**The input**
lemma card_kept_between_le:
  fixes n :: nat and del :: "nat \<Rightarrow> bool"
  defines "ps \<equiv> kept_positions n del"
  assumes "i \<le> j" "j < length ps"
  shows "card {k. ps ! i \<le> k \<and> k \<le> ps ! j \<and> \<not> del k} \<le> Suc j - i"
proof -
  have "{k. ps ! i \<le> k \<and> k \<le> ps ! j \<and> \<not> del k} \<subseteq> (!) ps ` {i..j}"
  proof
    fix k assume k: "k \<in> {k. ps ! i \<le> k \<and> k \<le> ps ! j \<and> \<not> del k}"
    have "ps ! i \<in> set ps" "ps ! j \<in> set ps" using assms by auto
    with k have "k \<in> set ps" unfolding ps_def set_kept_positions by auto
    then obtain l where l: "l < length ps" "k = ps ! l" by (metis in_set_conv_nth)
    have sorted: "sorted_wrt (<) ps" unfolding ps_def by (rule sorted_kept_positions)
    have "\<not> l < i" using sorted_wrt_nth_less[OF sorted, of l i] k l assms by auto
    moreover have "\<not> j < l" using sorted_wrt_nth_less[OF sorted, of j l] k l by auto
    ultimately show "k \<in> (!) ps ` {i..j}" using l by auto
  qed
  then have "card {k. ps ! i \<le> k \<and> k \<le> ps ! j \<and> \<not> del k} \<le> card ((!) ps ` {i..j})"
    by (intro card_mono) auto
  also have "\<dots> \<le> Suc j - i" using card_image_le[of "{i..j}" "(!) ps"] by simp
  finally show ?thesis .
qed

lemma deleted_subset_in_window:
  fixes del :: "nat \<Rightarrow> bool"
  assumes deleted: "D \<le> card {k. a \<le> k \<and> k \<le> b \<and> del k}"
    and kept: "card {k. a \<le> k \<and> k \<le> b \<and> \<not> del k} \<le> w"
  obtains T where "T \<subseteq> {a..<a+w+D} \<inter> {a..b}" "card T = D" "\<forall>k\<in>T. del k"
proof -
  let ?W = "{a..<a+w+D} \<inter> {a..b}"
  have "D \<le> card (?W \<inter> {k. del k})"
  proof (cases "b < a + w + D")
    case True
    then have "?W \<inter> {k. del k} = {k. a \<le> k \<and> k \<le> b \<and> del k}" by auto
    with deleted show ?thesis by simp
  next
    case False
    then have window: "?W = {a..<a+w+D}" by auto
    have "finite {k. a \<le> k \<and> k \<le> b \<and> \<not> del k}"
      by (rule finite_subset[of _ "{a..b}"]) auto
    moreover have "?W - {k. del k} \<subseteq> {k. a \<le> k \<and> k \<le> b \<and> \<not> del k}" by auto
    ultimately have "card (?W - {k. del k}) \<le> w"
      using kept card_mono by (meson le_trans)
    moreover have "card ?W = w + D" unfolding window by simp
    ultimately show ?thesis using card_Int_Diff[of ?W "{k. del k}"] by simp
  qed
  then obtain T where "T \<subseteq> ?W \<inter> {k. del k}" "card T = D"
    by (meson obtain_subset_with_card_n)
  then show thesis using that by blast
qed

lemma block_deletions_imp_deleted_window:
  assumes "D \<le> block_deletions n del i w" "1 \<le> D"
  obtains a T where "a \<in> {1..n}" "T \<subseteq> {a..<a+w+D} \<inter> {1..n}" "card T = D" "\<forall>k\<in>T. del k"
proof -
  define ps where "ps = kept_positions n del"
  define j where "j = min (i + w - 1) (length ps) - 1"
  have nondegenerate: "w \<noteq> 0" "i \<noteq> 0" "i \<le> length ps"
    using assms unfolding block_deletions_def ps_def Let_def by (auto split: if_splits)
  then have j: "i - 1 \<le> j" "j < length ps" "Suc j - (i - 1) \<le> w" unfolding j_def by auto
  have deleted: "D \<le> card {k. ps ! (i - 1) \<le> k \<and> k \<le> ps ! j \<and> del k}"
    using assms(1) nondegenerate unfolding block_deletions_def ps_def j_def Let_def by simp
  have kept: "card {k. ps ! (i - 1) \<le> k \<and> k \<le> ps ! j \<and> \<not> del k} \<le> w"
    using card_kept_between_le[of "i - 1" j n del] j unfolding ps_def by linarith
  obtain T where T: "T \<subseteq> {ps ! (i - 1)..<ps ! (i - 1) + w + D} \<inter> {ps ! (i - 1)..ps ! j}"
    "card T = D" "\<forall>k\<in>T. del k"
    using deleted_subset_in_window[OF deleted kept] by blast
  have "ps ! (i - 1) \<in> set ps" "ps ! j \<in> set ps" using nondegenerate j by auto
  then have "ps ! (i - 1) \<in> {1..n}" "ps ! j \<in> {1..n}" unfolding ps_def set_kept_positions by auto
  with T show thesis using that by fastforce
qed

lemma card_subsets_of_window_le:
  "card {T. T \<subseteq> {a..<a+w+D} \<inter> A \<and> card T = D} \<le> (w + D) choose D"
proof -
  have "card {T. T \<subseteq> {a..<a+w+D} \<inter> A \<and> card T = D} \<le> card {T. T \<subseteq> {a..<a+w+D} \<and> card T = D}"
    by (rule card_mono) (auto intro: finite_subset[of _ "Pow {a..<a+w+D}"])
  also have "\<dots> = (w + D) choose D" by (subst n_subsets) auto
  finally show ?thesis .
qed

lemma prob_trace_pmf_all_deleted:
  assumes "T \<subseteq> {1..n}" "0 \<le> \<delta>" "\<delta> \<le> 1"
  shows "measure_pmf.prob (trace_pmf p \<delta> n) {s. \<forall>k\<in>T. snd s k} = \<delta> ^ card T"
proof -
  let ?X = "Pi {1..n} (\<lambda>k. if k \<in> T then {True} else UNIV)"
  have event: "{s. \<forall>k\<in>T. snd s k} = snd -` ?X"
    using assms(1) by (auto simp: Pi_def split: if_splits)
  have "measure_pmf.prob (trace_pmf p \<delta> n) {s. \<forall>k\<in>T. snd s k}
      = measure_pmf.prob (map_pmf snd (trace_pmf p \<delta> n)) ?X"
    unfolding event measure_map_pmf ..
  also have "map_pmf snd (trace_pmf p \<delta> n) = Pi_pmf {1..n} False (\<lambda>k. bernoulli_pmf \<delta>)"
    by (simp add: trace_pmf_def map_snd_pair_pmf)
  also have "measure_pmf.prob \<dots> ?X
      = (\<Prod>k\<in>{1..n}. measure_pmf.prob (bernoulli_pmf \<delta>) (if k \<in> T then {True} else UNIV))"
    by (rule measure_Pi_pmf_Pi) simp
  also have "\<dots> = (\<Prod>k\<in>{1..n}. if k \<in> T then \<delta> else 1)"
    using assms(2,3) by (intro prod.cong) (auto simp: measure_pmf_single)
  also have "\<dots> = \<delta> ^ card T"
    using assms(1) by (simp add: prod.If_cases Int_absorb1)
  finally show ?thesis .
qed

lemma prob_trace_block_deletions_ge:
  assumes "1 \<le> D" "0 \<le> \<delta>" "\<delta> \<le> 1"
  shows "measure_pmf.prob (trace_pmf p \<delta> n) {s. \<exists>i. D \<le> block_deletions n (snd s) i w}
           \<le> real n * real ((w + D) choose D) * \<delta> ^ D"
proof -
  define windows where "windows a = {T. T \<subseteq> {a..<a+w+D} \<inter> {1..n} \<and> card T = D}" for a
  define all_deleted where
    "all_deleted T = {s :: (nat \<Rightarrow> bool) \<times> (nat \<Rightarrow> bool). \<forall>k\<in>T. snd s k}" for T
  have finite_windows: "finite (windows a)" for a
    unfolding windows_def by (rule finite_subset[of _ "Pow {a..<a+w+D}"]) auto
  have card_windows: "card (windows a) \<le> (w + D) choose D" for a
    unfolding windows_def by (rule card_subsets_of_window_le)
  have "{s. \<exists>i. D \<le> block_deletions n (snd s) i w}
      \<subseteq> (\<Union>a\<in>{1..n}. \<Union>T\<in>windows a. all_deleted T)"
  proof
    fix s :: "(nat \<Rightarrow> bool) \<times> (nat \<Rightarrow> bool)"
    assume "s \<in> {s. \<exists>i. D \<le> block_deletions n (snd s) i w}"
    then obtain i where "D \<le> block_deletions n (snd s) i w" by blast
    from block_deletions_imp_deleted_window[OF this assms(1)] obtain a T
      where "a \<in> {1..n}" "T \<in> windows a" "\<forall>k\<in>T. snd s k"
      unfolding windows_def by blast
    then show "s \<in> (\<Union>a\<in>{1..n}. \<Union>T\<in>windows a. all_deleted T)"
      unfolding all_deleted_def by blast
  qed
  then have "measure_pmf.prob (trace_pmf p \<delta> n) {s. \<exists>i. D \<le> block_deletions n (snd s) i w}
      \<le> measure_pmf.prob (trace_pmf p \<delta> n) (\<Union>a\<in>{1..n}. \<Union>T\<in>windows a. all_deleted T)"
    by (intro measure_pmf.finite_measure_mono) auto
  also have "\<dots> \<le> (\<Sum>a\<in>{1..n}. measure_pmf.prob (trace_pmf p \<delta> n) (\<Union>T\<in>windows a. all_deleted T))"
    by (rule measure_pmf.finite_measure_subadditive_finite) auto
  also have "\<dots> \<le> (\<Sum>a\<in>{1..n}. \<Sum>T\<in>windows a. measure_pmf.prob (trace_pmf p \<delta> n) (all_deleted T))"
    by (intro sum_mono measure_pmf.finite_measure_subadditive_finite finite_windows) auto
  also have "\<dots> = (\<Sum>a\<in>{1..n}. \<Sum>T\<in>windows a. \<delta> ^ D)"
  proof (intro sum.cong refl)
    fix a T assume "T \<in> windows a"
    then show "measure_pmf.prob (trace_pmf p \<delta> n) (all_deleted T) = \<delta> ^ D"
      using prob_trace_pmf_all_deleted[of T n \<delta> p] assms(2,3)
      unfolding windows_def all_deleted_def by simp
  qed
  also have "\<dots> \<le> (\<Sum>a\<in>{1..n}. real ((w + D) choose D) * \<delta> ^ D)"
    using card_windows assms(2) by (intro sum_mono) (simp add: mult_right_mono)
  also have "\<dots> = real n * real ((w + D) choose D) * \<delta> ^ D" by simp
  finally show ?thesis .
qed

lemma prob_Pi_pmf_ex_le:
  assumes "finite I"
  shows "measure_pmf.prob (Pi_pmf I dflt (\<lambda>_. q)) {\<omega>. \<exists>x\<in>I. \<omega> x \<in> A}
           \<le> real (card I) * measure_pmf.prob q A"
proof -
  let ?P = "Pi_pmf I dflt (\<lambda>_. q)"
  have component: "measure_pmf.prob ?P ((\<lambda>\<omega>. \<omega> x) -` A) = measure_pmf.prob q A" if "x \<in> I" for x
  proof -
    have "map_pmf (\<lambda>\<omega>. \<omega> x) ?P = q" using Pi_pmf_component[OF assms, of x dflt "\<lambda>_. q"] that by simp
    then show ?thesis unfolding measure_map_pmf[symmetric] by simp
  qed
  have "{\<omega>. \<exists>x\<in>I. \<omega> x \<in> A} = (\<Union>x\<in>I. (\<lambda>\<omega>. \<omega> x) -` A)" by auto
  then have "measure_pmf.prob ?P {\<omega>. \<exists>x\<in>I. \<omega> x \<in> A}
      \<le> (\<Sum>x\<in>I. measure_pmf.prob ?P ((\<lambda>\<omega>. \<omega> x) -` A))"
    using measure_pmf.finite_measure_subadditive_finite[OF assms, of "\<lambda>x. (\<lambda>\<omega>. \<omega> x) -` A" ?P]
    by simp
  also have "\<dots> = real (card I) * measure_pmf.prob q A" using component by simp
  finally show ?thesis .
qed

lemma power_div_fact_le_exp:
  fixes x :: real
  assumes "0 \<le> x"
  shows "x ^ n / fact n \<le> exp x"
proof -
  have series: "(\<lambda>n. x ^ n /\<^sub>R fact n) sums exp x" by (rule exp_converges)
  have "(\<Sum>k\<in>{n}. x ^ k /\<^sub>R fact k) \<le> (\<Sum>k. x ^ k /\<^sub>R fact k)"
    by (rule sum_le_suminf) (use series assms in \<open>auto simp: sums_iff\<close>)
  then show ?thesis using series by (simp add: sums_iff divide_inverse mult.commute)
qed

lemma binomial_le_exp_mult_pow:
  assumes "0 < k"
  shows "real (n choose k) \<le> (exp 1 * n / k) ^ k"
proof -
  have "real (n choose k) * fact k \<le> real n ^ k"
    using binomial_fact_pow[of n k] by (metis of_nat_fact of_nat_le_iff of_nat_mult of_nat_power)
  then have "real (n choose k) \<le> real n ^ k / fact k" by (simp add: field_simps)
  also have "\<dots> \<le> real n ^ k * exp (real k) / real k ^ k"
  proof -
    have "real k ^ k \<le> exp (real k) * fact k"
      using power_div_fact_le_exp[of "real k" k] by (simp add: field_simps)
    then have "real n ^ k * real k ^ k \<le> real n ^ k * (exp (real k) * fact k)"
      by (rule mult_left_mono) simp
    then show ?thesis using assms by (simp add: field_simps)
  qed
  also have "\<dots> = (exp 1 * n / k) ^ k"
    by (simp add: power_divide power_mult_distrib exp_of_nat_mult[symmetric] field_simps)
  finally show ?thesis .
qed

lemma ln_10_bounds: "1 \<le> ln (10::real)" "ln (10::real) \<le> 5/2"
proof -
  show "1 \<le> ln (10::real)" using ln_ge_iff[of 10 1] exp_le by simp
  have e: "exp (1::real) \<ge> 27/10" using e_approx_32 by (simp add: abs_if split: if_splits)
  have sqrt_e: "exp (1/2::real) \<ge> 3/2" using exp_ge_add_one_self[of "1/2::real"] by simp
  have "exp (5/2::real) = exp 1 * exp 1 * exp (1/2)" by (simp flip: exp_add)
  also have "\<dots> \<ge> 27/10 * (27/10) * (3/2)" using e sqrt_e by (intro mult_mono) auto
  finally have "exp (5/2::real) \<ge> 10" by simp
  then show "ln (10::real) \<le> 5/2" by (metis ln_exp ln_le_cancel_iff exp_gt_zero zero_less_numeral)
qed

lemma ten_powr_neg_476_le: "(10::real) powr (-4.76) \<le> 2 / 100000"
proof -
  have "((10::real) powr 0.24) ^ 25 = 10 ^ 6" by (simp add: powr_realpow[symmetric] powr_powr)
  also have "\<dots> \<le> (2::real) ^ 25" by simp
  finally have "(10::real) powr 0.24 \<le> 2" using power_mono_iff[of "(10::real) powr 0.24" 2 25] by simp
  moreover have "(10::real) powr 0.24 = 10 powr (-4.76 + 5)" by simp
  also have "\<dots> = 10 powr (-4.76) * 10 powr 5" by (rule powr_add)
  also have "(10::real) powr 5 = 10 ^ 5" by (simp add: powr_realpow)
  ultimately show ?thesis by simp
qed

lemma mult_exp_neg_antimono:
  fixes c L0 L :: real
  assumes "0 < L0" "1 \<le> c * L0" "L0 \<le> L"
  shows "L * exp (- c * L) \<le> L0 * exp (- c * L0)"
proof -
  have "L / L0 \<le> exp (L / L0 - 1)" using exp_ge_add_one_self[of "L / L0 - 1"] by simp
  also have "L / L0 - 1 \<le> c * (L - L0)"
  proof -
    have "(L - L0) * 1 \<le> (L - L0) * (c * L0)" using assms by (intro mult_left_mono) auto
    then show ?thesis using assms(1) by (simp add: field_simps)
  qed
  then have "exp (L / L0 - 1) \<le> exp (c * (L - L0))" by simp
  finally have "L \<le> L0 * exp (c * (L - L0))" using assms(1) by (simp add: field_simps)
  then have "L * exp (- c * L) \<le> L0 * exp (c * (L - L0)) * exp (- c * L)"
    by (simp add: mult_right_mono)
  also have "\<dots> = L0 * exp (- c * L0)" by (simp add: mult.assoc algebra_simps flip: exp_add)
  finally show ?thesis .
qed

**Problem**
Locate the lines above that hold the word "lemma". Show every one of them.

**Response to this task**
lemma card_kept_between_le:
lemma deleted_subset_in_window:
lemma block_deletions_imp_deleted_window:
lemma card_subsets_of_window_le:
lemma prob_trace_pmf_all_deleted:
lemma prob_trace_block_deletions_ge:
lemma prob_Pi_pmf_ex_le:
lemma power_div_fact_le_exp:
lemma binomial_le_exp_mult_pow:
lemma ln_10_bounds: "1 \<le> ln (10::real)" "ln (10::real) \<le> 5/2"
lemma ten_powr_neg_476_le: "(10::real) powr (-4.76) \<le> 2 / 100000"
lemma mult_exp_neg_antimono:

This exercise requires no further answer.